Ashley Madison's parent company, Ruby Corp., will be forced to pay a large settlement for failing to adequately protects its customers' data. Ruby Corp. has been charged US$1.6 million (£1.2 million) by the US Federal Trade Commission (FTC) after investigators found that not only had the company failed to adequately protect its customers' data but employed a number of tricks to obscure that fact.
The New York Attorney General's office said that Ashley Madison's data security practices were ‘lax'. The company did not maintain documented security policies, use multi-factor authentication or train staff to adequate levels.
Eric Schneiderman, the New York Attorney General said in a statement that, “this settlement should send a clear message to all companies doing business online that reckless disregard for data security will not be tolerated.”
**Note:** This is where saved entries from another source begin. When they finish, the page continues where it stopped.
(* Let $m$ and $m_1$ be positive integers, $n=mm_1+2$, and let $\phi$ be a homogeneous polynomial on $\mathbb{R}^n$ of degree $m$ satisfying $|\nabla\phi(x)|^2=m^2|x|^{2m-2}$ and $\Delta\phi(x)=0$. Let $g$ be a $C^2$ function of one variable. Then $u(x)=g\big(\phi(x)/|x|^m\big)$ is $p$-harmonic if and only if, for some constants $C$ and $\alpha$, $$g'(z)=C(1-z^2)^{-\alpha},\qquad p=1+\frac{m_1}{2\alpha-1}.$$
   Context: The $p$-Laplacian of a $C^2$ function $u$ is $\Delta_p u:=|\nabla u|^2\Delta u+\tfrac{p-2}{2}\nabla u\cdot\nabla|\nabla u|^2$; $u$ is $p$-harmonic if $\Delta_p u=0$. *)

theory Defs
  imports "HOL-Analysis.Analysis"
begin

definition grad :: "(real^'n \<Rightarrow> real) \<Rightarrow> real^'n \<Rightarrow> real^'n" where
  "grad f x = (\<chi> i. frechet_derivative f (at x) (axis i 1))"

definition partial2 :: "(real^'n \<Rightarrow> real) \<Rightarrow> 'n \<Rightarrow> 'n \<Rightarrow> real^'n \<Rightarrow> real" where
  "partial2 f i j x = frechet_derivative (\<lambda>y. grad f y $ i) (at x) (axis j 1)"

definition laplacian :: "(real^'n \<Rightarrow> real) \<Rightarrow> real^'n \<Rightarrow> real" where
  "laplacian f x = (\<Sum>i\<in>UNIV. partial2 f i i x)"

definition C2_on :: "(real^'n) set \<Rightarrow> (real^'n \<Rightarrow> real) \<Rightarrow> bool" where
  "C2_on S f \<longleftrightarrow> (\<forall>x\<in>S. f differentiable at x) \<and>
     (\<forall>i. \<forall>x\<in>S. (\<lambda>y. grad f y $ i) differentiable at x) \<and>
     (\<forall>i j. continuous_on S (partial2 f i j))"

definition p_laplacian :: "real \<Rightarrow> (real^'n \<Rightarrow> real) \<Rightarrow> real^'n \<Rightarrow> real" where
  "p_laplacian p u x = (norm (grad u x))\<^sup>2 * laplacian u x
      + (p - 2) / 2 * (grad u x \<bullet> grad (\<lambda>y. (norm (grad u y))\<^sup>2) x)"

definition p_harmonic_on :: "real \<Rightarrow> (real^'n) set \<Rightarrow> (real^'n \<Rightarrow> real) \<Rightarrow> bool" where
  "p_harmonic_on p S u \<longleftrightarrow> C2_on S u \<and> (\<forall>x\<in>S. p_laplacian p u x = 0)"

definition homogeneous_poly :: "nat \<Rightarrow> (real^'n \<Rightarrow> real) \<Rightarrow> bool" where
  "homogeneous_poly m \<phi> \<longleftrightarrow> (\<exists>(A :: ('n \<Rightarrow> nat) set) (c :: ('n \<Rightarrow> nat) \<Rightarrow> real).
      finite A \<and> (\<forall>a\<in>A. (\<Sum>i\<in>UNIV. a i) = m) \<and>
      (\<forall>x. \<phi> x = (\<Sum>a\<in>A. c a * (\<Prod>i\<in>UNIV. (x $ i) ^ a i))))"

definition C2_real_on :: "real set \<Rightarrow> (real \<Rightarrow> real) \<Rightarrow> bool" where
  "C2_real_on S g \<longleftrightarrow> (\<forall>z\<in>S. g differentiable at z) \<and>
     (\<forall>z\<in>S. deriv g differentiable at z) \<and> continuous_on S (deriv (deriv g))"

end

(*
  Write \<zeta> = \<phi> / |x|^m, so that u = g \<circ> \<zeta>. The eiconal equation and Euler's identity give
  |\<nabla>\<zeta>|\<^sup>2 = m\<^sup>2 (1 - \<zeta>\<^sup>2) / |x|\<^sup>2 and \<nabla>\<zeta> \<bullet> x = 0, and harmonicity of \<phi> gives
  \<Delta>\<zeta> = -m (n + m - 2) \<zeta> / |x|\<^sup>2. Hence \<Delta>\<^sub>p u is a positive multiple of
  g'(\<zeta>)\<^sup>2 ((p - 1)(1 - \<zeta>\<^sup>2) g''(\<zeta>) - (m\<^sub>1 + p - 1) \<zeta> g'(\<zeta>)), using n = m m\<^sub>1 + 2.
  Since \<zeta> maps the region |\<phi>| < |x|^m onto (-1, 1), u is p-harmonic iff this one-variable
  equation holds on (-1, 1), and its solutions are exactly g' = C (1 - z\<^sup>2) powr (-\<alpha>) with
  2\<alpha> - 1 = m\<^sub>1 / (p - 1).
*)
theory Submission
  imports Defs
begin

lemma real_polynomial_function_has_gradient:
  fixes f :: "real^'n \<Rightarrow> real"
  assumes "real_polynomial_function f"
  shows "\<exists>G. (\<forall>j. real_polynomial_function (\<lambda>x. G x $ j)) \<and>
             (\<forall>x. (f has_derivative (\<lambda>h. G x \<bullet> h)) (at x))"
  using assms
proof (induction rule: real_polynomial_function.induct)
  case (linear f)
  have "f h = (\<chi> j. f (axis j 1)) \<bullet> h" for h
  proof -
    have "f h = f (\<Sum>j\<in>UNIV. h $ j *\<^sub>R axis j 1)"
      using basis_expansion[of h] by (simp add: scalar_mult_eq_scaleR)
    also have "\<dots> = (\<chi> j. f (axis j 1)) \<bullet> h"
      using linear by (simp add: bounded_linear.linear linear_sum linear_scale inner_vec_def mult.commute)
    finally show ?thesis .
  qed
  then have "(f has_derivative (\<lambda>h. (\<chi> j. f (axis j 1)) \<bullet> h)) (at x)" for x
    using linear bounded_linear_imp_has_derivative by (metis (no_types, lifting) ext)
  then show ?case by (intro exI[of _ "\<lambda>x. \<chi> j. f (axis j 1)"]) auto
next
  case (const c)
  show ?case by (intro exI[of _ "\<lambda>x. 0"]) auto
next
  case (add f g)
  then obtain F G where
    "\<forall>j. real_polynomial_function (\<lambda>x. F x $ j)" "\<forall>x. (f has_derivative (\<lambda>h. F x \<bullet> h)) (at x)"
    "\<forall>j. real_polynomial_function (\<lambda>x. G x $ j)" "\<forall>x. (g has_derivative (\<lambda>h. G x \<bullet> h)) (at x)"
    by blast
  then show ?case
    by (intro exI[of _ "\<lambda>x. F x + G x"]) (auto intro!: derivative_eq_intros ext simp: inner_add_left)
next
  case (mult f g)
  then obtain F G where
    "\<forall>j. real_polynomial_function (\<lambda>x. F x $ j)" "\<forall>x. (f has_derivative (\<lambda>h. F x \<bullet> h)) (at x)"
    "\<forall>j. real_polynomial_function (\<lambda>x. G x $ j)" "\<forall>x. (g has_derivative (\<lambda>h. G x \<bullet> h)) (at x)"
    by blast
  with mult.hyps show ?case
    by (intro exI[of _ "\<lambda>x. f x *\<^sub>R G x + g x *\<^sub>R F x"])
      (auto intro!: derivative_eq_intros real_polynomial_function.intros(3,4)
        simp: inner_add_left algebra_simps)
qed

lemma grad_eqI:
  assumes "(f has_derivative (\<lambda>h. D \<bullet> h)) (at x)"
  shows "grad f x = D"
proof -
  have "frechet_derivative f (at x) = (\<lambda>h. D \<bullet> h)"
    using frechet_derivative_at[OF assms] by simp
  then show ?thesis by (simp add: grad_def vec_eq_iff inner_axis)
qed

lemma real_polynomial_function_grad:
  fixes f :: "real^'n \<Rightarrow> real"
  assumes "real_polynomial_function f"
  shows has_derivative_real_polynomial_function: "(f has_derivative (\<lambda>h. grad f x \<bullet> h)) (at x)"
    and real_polynomial_function_grad_component: "real_polynomial_function (\<lambda>x. grad f x $ j)"
proof -
  obtain G where G: "\<forall>j. real_polynomial_function (\<lambda>x. G x $ j)"
    "\<forall>x. (f has_derivative (\<lambda>h. G x \<bullet> h)) (at x)"
    using real_polynomial_function_has_gradient[OF assms] by blast
  then have "grad f = G" by (auto intro: grad_eqI)
  with G show "(f has_derivative (\<lambda>h. grad f x \<bullet> h)) (at x)"
    and "real_polynomial_function (\<lambda>x. grad f x $ j)" by auto
qed

lemma continuous_on_real_polynomial_function:
  "real_polynomial_function f \<Longrightarrow> continuous_on S f"
  by (simp add: differentiable_imp_continuous_on differentiable_on_real_polynomial_function)

lemma real_polynomial_function_vec_nth [intro]: "real_polynomial_function (\<lambda>x. x $ i)"
  by (rule real_polynomial_function.intros(1)) (rule bounded_linear_vec_nth)

lemma homogeneous_poly_imp_real_polynomial_function:
  assumes "homogeneous_poly m \<phi>"
  shows "real_polynomial_function \<phi>"
proof -
  obtain A c where "finite A" and \<phi>: "\<phi> = (\<lambda>x. \<Sum>a\<in>A. c a * (\<Prod>i\<in>UNIV. (x $ i) ^ a i))"
    using assms unfolding homogeneous_poly_def by blast
  then show ?thesis by (auto intro!: real_polynomial_function_sum real_polynomial_function.intros(2,4)
      real_polynomial_function_prod real_polynomial_function_power)
qed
More than that, the company actively deceived users about its security practices among other things. Ashley Madison, given the nature of its activity, billed itself as a “100 percent discreet service” and “100% percent secure”, even giving itself something called a “trusted security award” which was apparently not awarded by any certificator.
Ashley Madison apparently created fake profiles to coax more male users onto the site, even using the photos of real customers whose accounts were dormant. If users wanted to delete their profiles, Ashley Madison offered a ‘full delete' option for a small sum. The company, however, kept information on customers for up to a year even if they had opted to have their data deleted. The information of those ‘full delete' customers showed up in the 2015 breach.
“This case represents one of the largest data breaches that the FTC has investigated to date, implicating 36 million individuals worldwide,” said FTC chairwoman Edith Ramirez. “The global settlement requires AshleyMadison.com to implement a range of more robust data security practices that will better-protect its users' personal information from criminal hackers going forward.”
Ruby Corp. neither admits or denies the allegations but has agreed not only to pay the settlement but to put in a thorough security programme and refrain from the deceptive practices in the future. The FTC said that the Canadian and Australian regulators provided assistance to the investigation and had reached settlements of their own with the company.
The sum of US$1.6 million will be divided among the FTC and the Attorneys-General of the 13 states involved in the investigation. The original figure was supposed to be much higher.
The New York Attorney General's Office, which was involved in the investigation said that the original settlement figure was US$17.5 million (£14 million) but that Ruby Corp's financial situation meant that the company was not able to pay that sum.
The breach, which was carried out in July 2015 and released only a month later caught as many as 36 million with their pants down. International media swarmed to the story given the release of otherwise private information and the salacious nature of Ashley Madison, now famous for its tagline, "Life is short. Have an affair”.
The fallout from the hack often serves as a worst case scenario for those concerned with online privacy. Not only did its members have their infidelities publicly broadcast, but many were apparently subject to extortion and even rumours of suicide.
Ruby's new CEO, Rob Segal, released a statement saying that the settlement,”closes an important chapter on the company's past and reinforces our commitment to operating with integrity and to building a new future for our members, our team and our company”.
President James Millership added that the company is turning a new leaf after last year's breach: “Today's news reflects that the company has proactively made important, transformative changes since last year — and is committed to open, transparent communication.”
The Toronto-based Ruby Corp, formerly Avid Life, Media bills itself as “the global leader in open minded dating” and runs a number of other services of a similar flavour to Ashley Madison including CougarLife.com and EstablishedMen.com.
Amit Ashbel, cyber-security evangelist at Checkmarx told SC Media UK, “on a day that Yahoo admits that one billion account credentials have been stolen. The fine that Ashley Madison got seems like peanuts.”
“I think it's important to enforce cyber-security in one way or another. A fine seems like the most obvious option, just like any business is fined for not fulfilling regulations or laws. That said, a tech organisation should always have their user's data security as top priority and make sure they take all necessary actions to avoid such events in the future.”
Brian Chappell, director of technical services EMEAI & APAC at BeyondTrust told SC, “You'd like to think that every organisation would take all appropriate action to ensure said data is safe but good security isn't free and spend is balanced against risk.” Chappell added, “high profile cases like this one should make boards sit up and listen, the impact of playing fast and loose with user data is getting bigger as Ruby Corp. are discovering. They now have 17.5 million reasons to do a better job moving forward.”